*Exercise objective*
Search the material below for the word "fixes". Copy every line where it is found.

*Material for this task*
text \<open>Pigeonhole: \<open>f\<close> induces one of finitely many maps on the cosets of \<open>N\<close>.\<close>

lemma eventually_periodic_mod:
  fixes f :: "'a::ring"
  assumes "finite_index R N" "add_subgroup N" "\<And>x. x \<in> N \<Longrightarrow> f * x \<in> N"
    and fR: "\<And>x. x \<in> R \<Longrightarrow> f * x \<in> R"
  obtains i j where "i < j" "\<And>u. u \<in> R \<Longrightarrow> ((*) f ^^ j) u - ((*) f ^^ i) u \<in> N"
proof -
  obtain F where F: "finite F" "F \<subseteq> R" "\<forall>x\<in>R. \<exists>y\<in>F. x - y \<in> N"
    using assms(1) by (auto simp: finite_index_def)
  define rep where "rep x = (SOME y. y \<in> F \<and> x - y \<in> N)" for x
  have rep: "rep x \<in> F \<and> x - rep x \<in> N" if "x \<in> R" for x
    unfolding rep_def by (rule someI_ex) (use F that in blast)
  define \<Psi> where "\<Psi> k = restrict (\<lambda>y. rep (((*) f ^^ k) y)) F" for k
  have "range \<Psi> \<subseteq> F \<rightarrow>\<^sub>E F"
    using rep F(2) funpow_mult_closed[of R f, OF fR] by (auto simp: \<Psi>_def)
  then have "\<not> inj \<Psi>"
    by (metis F(1) finite_PiE finite_subset range_inj_infinite)
  then obtain i j where "i < j" "\<Psi> i = \<Psi> j"
    unfolding inj_def by (metis linorder_neqE_nat)
  then have same_rep: "rep (((*) f ^^ i) y) = rep (((*) f ^^ j) y)" if "y \<in> F" for y
    using that by (metis \<Psi>_def restrict_apply')
  show thesis
  proof (rule that[OF \<open>i < j\<close>])
    fix u assume "u \<in> R"
    then obtain y where "y \<in> F" "u - y \<in> N" using F by blast
    then have "((*) f ^^ j) u - ((*) f ^^ i) u
        = (((*) f ^^ j) y - rep (((*) f ^^ j) y)) - (((*) f ^^ i) y - rep (((*) f ^^ i) y))
          + (((*) f ^^ j) (u - y) - ((*) f ^^ i) (u - y))"
      by (simp add: funpow_mult_diff same_rep)
    moreover have "((*) f ^^ k) y - rep (((*) f ^^ k) y) \<in> N" for k
      using rep funpow_mult_closed[of R f, OF fR] \<open>y \<in> F\<close> F(2) by blast
    moreover have "((*) f ^^ k) (u - y) \<in> N" for k
      using funpow_mult_closed[of N f] assms(3) \<open>u - y \<in> N\<close> by blast
    ultimately show "((*) f ^^ j) u - ((*) f ^^ i) u \<in> N"
      using assms(2) by (metis add_subgroup_add add_subgroup_diff)
  qed
qed

declare ppow.simps(2) [simp del]

lemma ppow_mult: "ppow a i * ppow a j = ppow a (i + j + 1)"
  by (induct i) (auto simp: mult.assoc ppow.simps(2))

lemma intmul_ppow_mult:
  "intmul c (ppow a i) * intmul d (ppow a j) = intmul (c * d) (ppow (a::'a::ring) (i + j + 1))"
  by (simp add: intmul_mult_left[symmetric] intmul_mult_right[symmetric] ppow_mult intmul_mult_int[symmetric] mult.commute)

locale monogenic =
  fixes a :: "'a::ring"
begin

abbreviation R where "R \<equiv> gen_subring a"

lemma R_memI: "x = (\<Sum>k<n. intmul (c k) (ppow a k)) \<Longrightarrow> x \<in> R"
  unfolding gen_subring_def by blast

lemma R_induct [consumes 1, case_names zero gen add]:
  assumes "x \<in> R" "P 0" "\<And>c k. P (intmul c (ppow a k))" "\<And>x y. P x \<Longrightarrow> P y \<Longrightarrow> P (x + y)"
  shows "P x"
proof -
  have "P (\<Sum>k<n. intmul (c k) (ppow a k))" for c n
    by (induct n) (auto simp: assms(2-4))
  then show ?thesis
    using assms(1) by (auto simp: gen_subring_def)
qed

lemma R_intmul_ppow: "intmul c (ppow a k) \<in> R"
proof (rule R_memI)
  show "intmul c (ppow a k) = (\<Sum>i<Suc k. intmul (if i = k then c else 0) (ppow a i))"
    by (simp add: if_distrib[of "\<lambda>c. intmul c _"] cong: if_cong)
qed

lemma R_ppow: "ppow a k \<in> R"
  using R_intmul_ppow[of 1 k] by simp

lemma R_zero: "0 \<in> R"
  using R_intmul_ppow[of 0 0] by simp

lemma R_add:
  assumes "x \<in> R" "y \<in> R"
  shows "x + y \<in> R"
proof -
  obtain c n where x: "x = (\<Sum>k<n. intmul (c k) (ppow a k))"
    using assms(1) by (auto simp: gen_subring_def)
  obtain d m where y: "y = (\<Sum>k<m. intmul (d k) (ppow a k))"
    using assms(2) by (auto simp: gen_subring_def)
  define c' where "c' k = (if k < n then c k else 0)" for k
  define d' where "d' k = (if k < m then d k else 0)" for k
  have "x = (\<Sum>k<n + m. intmul (c' k) (ppow a k))"
    unfolding x c'_def by (rule sum.mono_neutral_cong_left) auto
  moreover have "y = (\<Sum>k<n + m. intmul (d' k) (ppow a k))"
    unfolding y d'_def by (rule sum.mono_neutral_cong_left) auto
  ultimately have "x + y = (\<Sum>k<n + m. intmul (c' k + d' k) (ppow a k))"
    by (simp add: intmul_add_int sum.distrib)
  then show ?thesis
    by (rule R_memI)
qed

lemma R_intmul: "x \<in> R \<Longrightarrow> intmul c x \<in> R"
  by (induct rule: R_induct) (auto simp: R_zero R_add intmul_add intmul_mult_int[symmetric] R_intmul_ppow)

lemma add_subgroup_R: "add_subgroup R"
proof -
  have "x - y \<in> R" if "x \<in> R" "y \<in> R" for x y
    using R_add[OF that(1) R_intmul[OF that(2), of "-1"]] by (simp add: intmul_uminus_int)
  then show ?thesis
    by (simp add: add_subgroup_def R_zero)
qed

lemma R_mult:
  assumes "x \<in> R" "y \<in> R"
  shows "x * y \<in> R"
  using assms(1)
proof (induct rule: R_induct)
  case (gen c k)
  show ?case using assms(2)
    by (induct rule: R_induct) (auto simp: intmul_ppow_mult R_intmul_ppow distrib_left R_add R_zero)
qed (auto simp: distrib_right R_add R_zero)

lemma R_mult_commute:
  assumes "x \<in> R" "y \<in> R"
  shows "x * y = y * x"
  using assms(1)
proof (induct rule: R_induct)
  case (gen c k)
  show ?case using assms(2)
    by (induct rule: R_induct) (auto simp: intmul_ppow_mult distrib_left distrib_right mult.commute add.commute)
qed (auto simp: distrib_left distrib_right)

lemma is_subring_R: "is_subring R"
  using add_subgroup_R R_mult by (simp add: is_subring_iff)

lemma funpow_mult_R: "f \<in> R \<Longrightarrow> v \<in> R \<Longrightarrow> ((*) f ^^ k) v \<in> R"
  by (rule funpow_mult_closed) (auto intro: R_mult)

lemma funpow_mult_commute:
  assumes "f \<in> R" "s \<in> R" "u \<in> R"
  shows "s * ((*) f ^^ k) u = ((*) f ^^ k) (s * u)"
proof (induct k)
  case (Suc k)
  have "s * ((*) f ^^ Suc k) u = (s * f) * ((*) f ^^ k) u"
    by (simp add: mult.assoc)
  also have "\<dots> = f * (s * ((*) f ^^ k) u)"
    using R_mult_commute[OF assms(2,1)] by (simp add: mult.assoc)
  finally show ?case
    using Suc by simp
qed simp

lemma is_ideal_of_periodic_differences:
  assumes f: "f \<in> R"
  shows "is_ideal_of {((*) f ^^ j) u - ((*) f ^^ i) u | u. u \<in> R} R"
proof -
  let ?d = "\<lambda>u. ((*) f ^^ j) u - ((*) f ^^ i) u"
  have d_diff: "?d u - ?d v = ?d (u - v)" for u v
    by (simp add: funpow_mult_diff)
  have "add_subgroup {?d u | u. u \<in> R}"
    unfolding add_subgroup_def
  proof (intro conjI ballI)
    show "0 \<in> {?d u | u. u \<in> R}"
      using R_zero by (intro CollectI exI[of _ 0]) simp
    show "x - y \<in> {?d u | u. u \<in> R}" if "x \<in> {?d u | u. u \<in> R}" "y \<in> {?d u | u. u \<in> R}" for x y
      using that d_diff add_subgroup_diff[OF add_subgroup_R] by blast
  qed
  moreover have "{?d u | u. u \<in> R} \<subseteq> R"
    using f by (auto intro!: add_subgroup_diff[OF add_subgroup_R] funpow_mult_R)
  moreover have "?d u * s = ?d (u * s)" "s * ?d u = ?d (s * u)" if "u \<in> R" "s \<in> R" for u s
    using that f by (simp_all add: left_diff_distrib right_diff_distrib funpow_mult_assoc funpow_mult_commute)
  ultimately show ?thesis
    unfolding is_ideal_of_def using R_mult by blast
qed

lemma exists_nonzero_multiplier:
  assumes A: "is_subring A" "A \<subseteq> R" and r: "r \<in> R" "r \<notin> A"
  obtains f where "f \<in> R" "f \<noteq> 0" "\<forall>x\<in>A. f * x \<in> A"
proof (cases "A \<subseteq> {0}")
  case True
  have "a \<noteq> 0"
  proof
    assume "a = 0"
    then have "ppow a k = 0" for k
      by (induct k) (auto simp: ppow.simps(2))
    from r(1) have "r = 0"
      by (induct rule: R_induct) (auto simp: \<open>\<And>k. ppow a k = 0\<close>)
    with r(2) A(1) show False
      by (simp add: is_subring_def)
  qed
  moreover have "a \<in> R"
    using R_ppow[of 0] by simp
  moreover have "a * x \<in> A" if "x \<in> A" for x
    using that True A(1) by (auto simp: is_subring_def)
  ultimately show thesis
    using that by blast
next
  case False
  then obtain f where "f \<in> A" "f \<noteq> 0"
    by blast
  then show thesis
    using that A by (auto simp: is_subring_def)
qed

end

section \<open>Monogenic rings of prime characteristic\<close>

locale char_p_monogenic = monogenic +
  fixes p :: nat
  assumes prime_p: "prime p" and natmul_p_a: "natmul p a = 0"
begin

lemma natmul_p_R: "x \<in> R \<Longrightarrow> natmul p x = 0"
proof (induct rule: R_induct)
  case (gen c k)
  have "natmul p (ppow a k) = 0"
    by (cases k) (auto simp: natmul_p_a natmul_mult_left ppow.simps(2))
  moreover have "natmul p (intmul c (ppow a k)) = intmul c (natmul p (ppow a k))"
    by (metis intmul_of_nat intmul_mult_int mult.commute)
  ultimately show ?case
    by simp
qed (auto simp: natmul_add)

lemma intmul_p_dvd:
  assumes "x \<in> R" "int p dvd k"
  shows "intmul k x = 0"
proof -
  obtain q where "k = int p * q"
    using assms(2) by (rule dvdE)
  then show ?thesis
    using natmul_p_R[OF R_intmul[OF assms(1)]] by (simp add: intmul_mult_int)
qed

lemma intmul_mod_p: "x \<in> R \<Longrightarrow> intmul (k mod int p) x = intmul k x"
  by (metis add_0 div_mult_mod_eq dvd_triv_right intmul_add_int intmul_p_dvd)

lemma exists_intmul_inverse:
  assumes "\<not> int p dvd c"
  obtains e where "\<And>x. x \<in> R \<Longrightarrow> intmul e (intmul c x) = x"
proof -
  have "prime (int p)"
    using prime_p by simp
  then have "coprime c (int p)"
    using prime_imp_coprime assms coprime_commute by blast
  then obtain u v where uv: "u * c + v * int p = 1"
    using bezout_int[of c "int p"] by auto
  have "intmul u (intmul c x) = x" if "x \<in> R" for x
  proof -
    have "u * c = 1 - v * int p"
      using uv by simp
    then show ?thesis
      using that by (simp add: intmul_mult_int[symmetric] intmul_diff_int intmul_p_dvd)
  qed
  then show thesis
    by (rule that)
qed

lemma poly_act_eq_0:
  assumes "f \<in> R" "v \<in> R" "\<forall>k. int p dvd coeff h k"
  shows "poly_act f h v = 0"
proof -
  have "poly_act f h v = (\<Sum>k<Suc (degree h). intmul (coeff h k) (((*) f ^^ k) v))"
    by (rule poly_act_eq_sum) simp
  also have "\<dots> = 0"
    using assms by (intro sum.neutral ballI intmul_p_dvd funpow_mult_R) auto
  finally show ?thesis .
qed

lemma unit_leading_form:
  assumes "f \<in> R" "f \<noteq> 0"
  obtains c m where "f = (\<Sum>k<Suc m. intmul (c k) (ppow a k))" "\<not> int p dvd c m"
proof -
  obtain c n where f: "f = (\<Sum>k<n. intmul (c k) (ppow a k))"
    using assms(1) by (auto simp: gen_subring_def)
  define P where "P = {k. k < n \<and> \<not> int p dvd c k}"
  have "P \<noteq> {}"
  proof
    assume "P = {}"
    then have "f = 0"
      unfolding f P_def by (intro sum.neutral ballI intmul_p_dvd R_ppow) auto
    with assms(2) show False ..
  qed
  moreover have "finite P"
    by (simp add: P_def)
  ultimately have m: "Max P < n" "\<not> int p dvd c (Max P)"
    using Max_in[of P] by (auto simp: P_def)
  have above: "int p dvd c k" if "Max P < k" "k < n" for k
  proof (rule ccontr)
    assume "\<not> int p dvd c k"
    with that(2) have "k \<in> P" by (simp add: P_def)
    with Max_ge[OF \<open>finite P\<close>] that(1) show False by fastforce
  qed
  have "f = (\<Sum>k<Suc (Max P). intmul (c k) (ppow a k))"
    unfolding f using m(1) above
    by (intro sum.mono_neutral_right) (auto intro!: intmul_p_dvd R_ppow)
  then show thesis
    using m(2) by (rule that)
qed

*Result of this task*
  fixes f :: "'a::ring"
  fixes a :: "'a::ring"
  fixes p :: nat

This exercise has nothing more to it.